text \<open>An element \<open>t\<close> of norm \<open>-1\<close> turns \<open>a\<^sup>q a + b\<^sup>q b = 0\<close> into \<open>(a / (t b))\<^sup>q\<^sup>+\<^sup>1 = 1\<close>.\<close>
lemma isotropic_products_odd:
  assumes "odd q" "CARD('a::{field,finite}) = q ^ 2" "(t::'a) ^ (q + 1) = - 1"
  shows "isotropic_products q = (\<lambda>y. t ^ q * y) ` ((\<lambda>s. s ^ 2) ` (UNIV - {0}))"
proof (intro equalityI subsetI)
  have t: "t ^ q * t = - 1"
    using assms(3) by (simp add: mult.commute)
  fix x :: 'a
  assume "x \<in> isotropic_products q"
  then obtain a b where ab: "x = a ^ q * b" "b \<noteq> 0" "a ^ q * a + b ^ q * b = 0"
    unfolding isotropic_products_def by blast
  have "t \<noteq> 0"
    using t by auto
  obtain h where h: "q = 2 * h + 1"
    using assms(1) oddE by blast
  define K where "K = (CARD('a) - 1) div 2"
  have K: "q * K = (q + 1) * (q * h)" "(q + 1) * K = (CARD('a) - 1) * (h + 1)"
    using assms(2) h by (simp_all add: K_def power2_eq_square algebra_simps)
  define r where "r = a / (t * b)"
  have "r ^ q * r = (a ^ q * a) / ((t ^ q * t) * (b ^ q * b))"
    by (simp add: r_def power_divide power_mult_distrib)
  also have "\<dots> = 1"
    using ab(2,3) t by (simp add: eq_neg_iff_add_eq_0 [symmetric])
  finally have r: "r ^ (q + 1) = 1"
    by (simp add: mult.commute)
  define y where "y = r ^ q * b ^ (q + 1)"
  have "y ^ K = (r ^ (q + 1)) ^ (q * h) * (b ^ (CARD('a) - 1)) ^ (h + 1)"
    unfolding y_def power_mult_distrib by (simp only: K flip: power_mult)
  then have "y ^ K = 1"
    using r finite_field_power_card_minus_one[OF ab(2)] by simp
  then have "y \<in> (\<lambda>s. s ^ 2) ` (UNIV - {0})"
    using nonzero_squares_eq_roots_of_unity(1)[where 'a = 'a] assms(1,2) by (simp add: K_def)
  moreover have "x = t ^ q * y"
    using ab(1,2) \<open>t \<noteq> 0\<close> by (simp add: y_def r_def field_simps)
  ultimately show "x \<in> (\<lambda>y. t ^ q * y) ` ((\<lambda>s. s ^ 2) ` (UNIV - {0}))"
    by blast
next
  fix x
  assume "x \<in> (\<lambda>y. t ^ q * y) ` ((\<lambda>s. s ^ 2) ` (UNIV - {0}))"
  then obtain s where s: "s \<noteq> 0" "x = t ^ q * s ^ 2"
    by auto
  have aq: "(t * s ^ q) ^ q = t ^ q * s"
    by (simp add: power_mult_distrib power_power_eq_self_of_CARD[OF assms(2)])
  have "(t * s ^ q) ^ q * (t * s ^ q) + s ^ q * s = (t ^ q * t + 1) * (s ^ q * s)"
    unfolding aq by (simp add: algebra_simps)
  also have "\<dots> = 0"
    using assms(3) by (simp add: mult.commute)
  finally have "(t * s ^ q) ^ q * (t * s ^ q) + s ^ q * s = 0" .
  moreover have "x = (t * s ^ q) ^ q * s"
    using s aq by (simp add: power2_eq_square mult.assoc)
  ultimately show "x \<in> isotropic_products q"
    unfolding isotropic_products_def using s(1) by blast
qed

lemma card_isotropic_products_odd:
  assumes "odd q" "CARD('a::{field,finite}) = q ^ 2"
  shows "card (isotropic_products q :: 'a set) = (q ^ 2 - 1) div 2"
proof -
  obtain t :: 'a where t: "t ^ (q + 1) = - 1"
    using exists_power_Suc_eq_minus_one assms by blast
  then have "t \<noteq> 0"
    by auto
  then have "card (isotropic_products q :: 'a set) = card ((\<lambda>s. s ^ 2) ` (UNIV - {0::'a}))"
    unfolding isotropic_products_odd[OF assms t] by (intro card_image) (auto simp: inj_on_def)
  also have "\<dots> = (q ^ 2 - 1) div 2"
    using nonzero_squares_eq_roots_of_unity[where 'a = 'a] assms by simp
  finally show ?thesis .
qed

theorem proposition2:
  fixes q :: nat and M :: "('a::{field,finite}) ^ 2 ^ 2" and c :: 'a and u :: "'a ^ 2"
  assumes "prime_power q"
    and "CARD('a) = q ^ 2"
    and "mat_eigenvalues M = {c}"
    and "u \<noteq> 0"
    and "mat_eigenspace M c = {a *s u | a. True}"
    and "herm q u u \<noteq> 0"
  shows "0 \<notin> Num0' q M
    \<and> (even q \<longrightarrow> Num0' q M = UNIV - {0})
    \<and> (odd q \<longrightarrow> card (Num0' q M) = (q ^ 2 - 1) div 2)"
proof -
  obtain p k where pk: "prime p" "k > 0" "q = p ^ k"
    using assms(1) unfolding prime_power_def by blast
  then have "q > 0"
    by (simp add: prime_gt_0_nat)
  obtain g where g: "g \<noteq> 0" "Num0' q M = (\<lambda>x. g * x) ` isotropic_products q"
    using Num0'_eq_image_isotropic_products[OF \<open>q > 0\<close> power_add_of_CARD_prime_power[OF assms(1,2)]
        power_power_eq_self_of_CARD[OF assms(2)] assms(3,5,6)] by blast
  have "0 \<notin> Num0' q M"
    using g zero_notin_isotropic_products[OF \<open>q > 0\<close>] by auto
  moreover have "Num0' q M = UNIV - {0}" if "even q"
  proof -
    have "p = 2"
      using that pk by (metis even_power primes_dvd_imp_eq two_is_prime_nat)
    then have "CHAR('a) = 2"
      using CHAR_eq_of_CARD_eq_prime_power[of 2 "k * 2"] assms(2) pk by (simp add: power_mult)
    then show ?thesis
      using g isotropic_products_CHAR_2[OF _ assms(2)] image_mult_left_nonzero by simp
  qed
  moreover have "card (Num0' q M) = (q ^ 2 - 1) div 2" if "odd q"
    using g card_isotropic_products_odd[OF that assms(2)]
    by (simp add: card_image inj_on_def)
  ultimately show ?thesis
    by blast
qed

end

→ What the exercise asks
Word for word, repeat the lines from the one holding "using assms(1) unfolding" through the last line of the entries, both included.

→ Solution
    using assms(1) unfolding prime_power_def by blast
  then have "q > 0"
    by (simp add: prime_gt_0_nat)
  obtain g where g: "g \<noteq> 0" "Num0' q M = (\<lambda>x. g * x) ` isotropic_products q"
    using Num0'_eq_image_isotropic_products[OF \<open>q > 0\<close> power_add_of_CARD_prime_power[OF assms(1,2)]
        power_power_eq_self_of_CARD[OF assms(2)] assms(3,5,6)] by blast
  have "0 \<notin> Num0' q M"
    using g zero_notin_isotropic_products[OF \<open>q > 0\<close>] by auto
  moreover have "Num0' q M = UNIV - {0}" if "even q"
  proof -
    have "p = 2"
      using that pk by (metis even_power primes_dvd_imp_eq two_is_prime_nat)
    then have "CHAR('a) = 2"
      using CHAR_eq_of_CARD_eq_prime_power[of 2 "k * 2"] assms(2) pk by (simp add: power_mult)
    then show ?thesis
      using g isotropic_products_CHAR_2[OF _ assms(2)] image_mult_left_nonzero by simp
  qed
  moreover have "card (Num0' q M) = (q ^ 2 - 1) div 2" if "odd q"
    using g card_isotropic_products_odd[OF that assms(2)]
    by (simp add: card_image inj_on_def)
  ultimately show ?thesis
    by blast
qed

end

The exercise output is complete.